Why are the odds not negative yet? To cap gold and silver? Or because the Chinese, Indians, Russians, Brazilians will be buying lots of iPhones with depreciating currencies?
Well, that's just fucking great.
I bet Mr. Yellen will cry on national teevee when announcing no rate hike. It could be a Kardashian moment that the Fed needs to pull their credibility out of the hole. I putting 100 on Yellin tearing up.
5 soft factors that mean it is likely that they will, rather than they should.
1. Credibility - they said they would raise in 2015. If you always tell your kids, knock it off or else and there is never any "or else", they stop listening to you.
2. Signaling theory - bad news is good news. I think they want to break that cycle somewhat by saying the economy is strong eough to handle a raise. People like believing in experts, and if the "experts" say its all good, bad data will get overlooked because hey, everything is peachy.
3. Rope to pull - I think they may be more worried about things actually getting worse, and they currently have no leverage to stimulate. A raise will at least put that back on the table, even if just optically.
4. Interest rate stability - Outside of low inflation and full unemployment, interest rate stability is their unspoken mandate. The fed knows that interest rate uncertainty is very damaging for capital budgeting and investing. Removing that uncertainty - at some point - is a must, and they know it. Get 25 bps behind us, and then do nothing again.
5. What difference will it make? Does going from a "range of 0 - 25" to an explicit 25 ACTUALLY make a difference? Not really.
And let's be honest, when has the Fed EVER been counter-cyclical? They are the peak pro-cyclical force, people.
Point number #5 sums it up. Other nations see this and are also smart enough to figure out the shenanigans of what makes a difference, as opposed to what doesn't. In other words, U.S. monetary controllers aren't fooling anyone, and it is only a matter of time...
Well, I would argue they are fooling quite a few, at least domestically, although that doesn't take much. Keep in mind, various Kardashians have kept the rapt attention of that lot for several years now.

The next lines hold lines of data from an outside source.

lemma sum_fun_upd_less:
  fixes m :: "'n::finite \<Rightarrow> nat"
  assumes "v < m i"
  shows "sum (m(i := v)) UNIV < sum m UNIV"
proof -
  have "sum (m(i := v)) UNIV = v + sum (m(i := v)) (UNIV - {i})"
    by (subst sum.remove[of _ i]) auto
  moreover have "sum (m(i := v)) (UNIV - {i}) = sum m (UNIV - {i})"
    by (rule sum.cong) auto
  moreover have "sum m UNIV = m i + sum m (UNIV - {i})"
    by (rule sum.remove) auto
  ultimately show ?thesis
    using assms by linarith
qed

lemma shift_0 [simp]: "shift (\<lambda>_. 0) s = s"
  by (simp add: shift_def vadd_def)

lemma shift_comb_diff:
  "shift_comb (\<lambda>x. s x - s' x) S c = (\<lambda>x. shift_comb s S c x - shift_comb s' S c x)"
  unfolding shift_comb_def by (simp add: sum_subtractf right_diff_distrib)

lemma shift_comb_coeff_diff:
  "shift_comb s S (\<lambda>j. c j - d j) = (\<lambda>x. shift_comb s S c x - shift_comb s S d x)"
  unfolding shift_comb_def by (simp add: sum_subtractf left_diff_distrib)

lemma shift_comb_restrict: "shift_comb s S (restrict c S) = shift_comb s S c"
  unfolding shift_comb_def by (intro ext sum.cong) auto

lemma shift_comb_delta:
  assumes "finite S" "w \<in> S"
  shows "shift_comb s S (\<lambda>l. if l = w then 1 else 0) = shift w s"
proof
  fix x
  have "(\<Sum>j\<in>S. (if j = w then 1 else 0) * s (vadd x j)) = (\<Sum>j\<in>S. if j = w then s (vadd x w) else 0)"
    by (rule sum.cong) auto
  then show "shift_comb s S (\<lambda>l. if l = w then 1 else 0) x = shift w s x"
    using assms unfolding shift_comb_def shift_def by simp
qed

lemma in_shift_span_shift_mem:
  assumes "finite S" "w \<in> S"
  shows "in_shift_span s S (shift w s)"
  using shift_comb_delta[OF assms, of s, symmetric] unfolding in_shift_span_def by blast

lemma in_shift_span_incr:
  fixes s :: "('n \<Rightarrow> nat) \<Rightarrow> 'a::field"
  assumes "spans s S" and f: "in_shift_span s S f"
  shows "in_shift_span s S (\<lambda>x. f (incr x i))"
proof -
  obtain c where c: "f = shift_comb s S c"
    using f unfolding in_shift_span_def by blast
  have "\<forall>j\<in>S. \<exists>d. shift (incr j i) s = shift_comb s S d"
    using assms(1) unfolding spans_def in_shift_span_def by blast
  then obtain d where d: "\<And>j. j \<in> S \<Longrightarrow> shift (incr j i) s = shift_comb s S (d j)"
    by metis
  have "f (incr x i) = shift_comb s S (\<lambda>l. \<Sum>j\<in>S. c j * d j l) x" for x
  proof -
    have "f (incr x i) = (\<Sum>j\<in>S. c j * shift (incr j i) s x)"
      unfolding c shift_comb_def shift_def
      by (intro sum.cong arg_cong[where f = "\<lambda>y. _ * s y"]) (auto simp: vadd_def incr_def)
    also have "\<dots> = (\<Sum>j\<in>S. \<Sum>l\<in>S. c j * d j l * s (vadd x l))"
      by (simp add: d shift_comb_def sum_distrib_left mult.assoc)
    also have "\<dots> = shift_comb s S (\<lambda>l. \<Sum>j\<in>S. c j * d j l) x"
      unfolding shift_comb_def sum_distrib_right by (rule sum.swap)
    finally show ?thesis .
  qed
  then show ?thesis
    unfolding in_shift_span_def by blast
qed

lemma in_shift_span_shift:
  fixes s :: "('n::finite \<Rightarrow> nat) \<Rightarrow> 'a::field"
  assumes "spans s S"
  shows "in_shift_span s S (shift m s)"
proof (induction m rule: measure_induct_rule[where f = "\<lambda>m. sum m UNIV"])
  case (less m)
  show ?case
  proof (cases "m = (\<lambda>_. 0)")
    case True
    then show ?thesis
      using assms unfolding spans_def by simp
  next
    case False
    then obtain i where i: "m i > 0"
      by (auto simp: fun_eq_iff)
    define m' where "m' = m(i := m i - 1)"
    have "sum m' UNIV < sum m UNIV"
      unfolding m'_def by (rule sum_fun_upd_less) (use i in simp)
    then have "in_shift_span s S (shift m' s)"
      by (rule less)
    then have "in_shift_span s S (\<lambda>x. shift m' s (incr x i))"
      by (rule in_shift_span_incr[OF assms])
    moreover have "(\<lambda>x. shift m' s (incr x i)) = shift m s"
      using i unfolding shift_def vadd_def incr_def m'_def
      by (intro ext arg_cong[where f = s]) (auto simp: fun_eq_iff)
    ultimately show ?thesis
      by simp
  qed
qed

lemma spans_vanishing_eq_0:
  fixes D :: "('n::finite \<Rightarrow> nat) \<Rightarrow> 'a::field"
  assumes "spans D S" and "\<forall>j\<in>S. D j = 0"
  shows "D = (\<lambda>_. 0)"
proof
  fix m
  obtain c where c: "shift m D = shift_comb D S c"
    using in_shift_span_shift[OF assms(1)] unfolding in_shift_span_def by blast
  have "D m = shift m D (\<lambda>_. 0)"
    by (simp add: shift_def vadd_def)
  also have "\<dots> = (\<Sum>j\<in>S. c j * D j)"
    by (simp add: c shift_comb_def vadd_def)
  finally show "D m = 0"
    using assms(2) by simp
qed

definition span_coeffs ::
  "(('n \<Rightarrow> nat) \<Rightarrow> 'a::field) \<Rightarrow> ('n \<Rightarrow> nat) set \<Rightarrow> (('n \<Rightarrow> nat) \<Rightarrow> 'a) \<Rightarrow> ('n \<Rightarrow> nat) \<Rightarrow> 'a"
  where "span_coeffs s S f = (SOME c. c \<in> S \<rightarrow>\<^sub>E UNIV \<and> f = shift_comb s S c)"

lemma span_coeffs:
  assumes "in_shift_span s S f"
  shows "span_coeffs s S f \<in> S \<rightarrow>\<^sub>E UNIV \<and> f = shift_comb s S (span_coeffs s S f)"
proof -
  obtain c where "f = shift_comb s S c"
    using assms unfolding in_shift_span_def by blast
  then have "restrict c S \<in> S \<rightarrow>\<^sub>E UNIV \<and> f = shift_comb s S (restrict c S)"
    by (simp add: shift_comb_restrict)
  then show ?thesis
    unfolding span_coeffs_def
    by (rule someI[where P = "\<lambda>c. c \<in> S \<rightarrow>\<^sub>E UNIV \<and> f = shift_comb s S c"])
qed

definition border :: "('n \<Rightarrow> nat) set \<Rightarrow> (('n \<Rightarrow> nat) \<times> 'n) set" where
  "border S = {(j, i). j \<in> S \<and> incr j i \<notin> S}"

definition span_code :: "('n \<Rightarrow> nat) set \<Rightarrow> (('n \<Rightarrow> nat) \<Rightarrow> 'a::field) \<Rightarrow>
    (('n \<Rightarrow> nat) \<times> 'n \<Rightarrow> ('n \<Rightarrow> nat) \<Rightarrow> 'a) \<times> (('n \<Rightarrow> nat) \<Rightarrow> 'a) \<times> (('n \<Rightarrow> nat) \<Rightarrow> 'a)" where
  "span_code S s =
     (restrict (\<lambda>(j, i). span_coeffs s S (shift (incr j i) s)) (border S),
      span_coeffs s S s, restrict s S)"

lemma in_shift_span_diff:
  assumes "f = shift_comb s S c" and "f' = shift_comb s' S c"
  shows "in_shift_span (\<lambda>x. s x - s' x) S (\<lambda>x. f x - f' x)"
  unfolding in_shift_span_def assms shift_comb_diff by blast

lemma spans_diff:
  assumes fin: "finite S" and sp: "spans s S" and sp': "spans s' S"
    and code: "span_code S s = span_code S s'"
  shows "spans (\<lambda>x. s x - s' x) S"
  unfolding spans_def
proof (intro conjI ballI allI)
  have "span_coeffs s S s = span_coeffs s' S s'"
    using code unfolding span_code_def by simp
  then show "in_shift_span (\<lambda>x. s x - s' x) S (\<lambda>x. s x - s' x)"
    using span_coeffs[of s S s] span_coeffs[of s' S s'] sp sp'
    unfolding spans_def by (intro in_shift_span_diff) auto
next
  fix j i
  assume j: "j \<in> S"
  show "in_shift_span (\<lambda>x. s x - s' x) S (shift (incr j i) (\<lambda>x. s x - s' x))"
  proof (cases "incr j i \<in> S")
    case True
    then show ?thesis
      by (rule in_shift_span_shift_mem[OF fin])
  next
    case False
    then have "(j, i) \<in> border S"
      using j unfolding border_def by simp
    then have "span_coeffs s S (shift (incr j i) s) = span_coeffs s' S (shift (incr j i) s')"
      using code unfolding span_code_def by (auto dest: fun_cong[where x = "(j, i)"])
    then have "in_shift_span (\<lambda>x. s x - s' x) S (\<lambda>x. shift (incr j i) s x - shift (incr j i) s' x)"
      using span_coeffs[of s S "shift (incr j i) s"] span_coeffs[of s' S "shift (incr j i) s'"] sp sp' j
      unfolding spans_def by (intro in_shift_span_diff) auto
    then show ?thesis
      by (simp add: shift_def)
  qed
qed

two points. any rise in rates represents billions of dollars so the rise is significant.
in the old days a rise in interst rates sent money to the equity market. are they betting on a normal event?
They would maintain 'credibility' by simply leaving the present scheme as is, but I venture they know that full well. As counter intuitive as it may seem, given the $DX over the past year+, the 'dollar' is what's at stake, nothing less. However, the slowdown in EM is giving them (yet again) badly needed 'cover' to not raise rates, and even...
I'm in a pedantic mood, so, Tylers...
the odds didn't plunge, in fact they spiked; it's the probability of a hike that plunged.
In other words, if you are betting on a September rate hike, you can now receive higher, not lower odds.
does this mean we need to prepare for nirp? seems to me the following scenarios are on the table:
1. raise to have rope to pull when next event (recession, plunge, chain reastion defaults, something we haven't even thought of before and/or e) all of the above) happens
2. don't raise for fear of triggering and/or accellerating the very event for which a raise would obstensibly be preparing
3. if !=raise when event comes anyway (& may well be unfolding as we type) say: "sorry, folks! we're at the zero bound - you're on your own!"
once you eliminate 1-3, all of which seem pretty unlikely to me, what's left but eventual nirp? & even IF they do a token raise would the ensuing tantrum not get it immediately reversed? & even in that best case scenario would the .25 mean anything in the next event anyway? or in more practical terms: is nirp ultimately a "when" question and if so how does one prepare? (yes, I'm stacking ag). more I think about this more I'm inclined to believe it is ultimately about when...
They are bankers, which means they are crooks, and that they are going to lie so they can steal more of everbody's money.
"September Rate-Hike Odds Plunge"
Is tomorrow another surge?
God help us. Any austrian that knows his or her own theory has a healthy fear of the end of ZIRP because it will cause the biggest unraveling of bullshit ever seen in the economy in history... Which, regardless of one's policy recommendations, is going to fucking suck.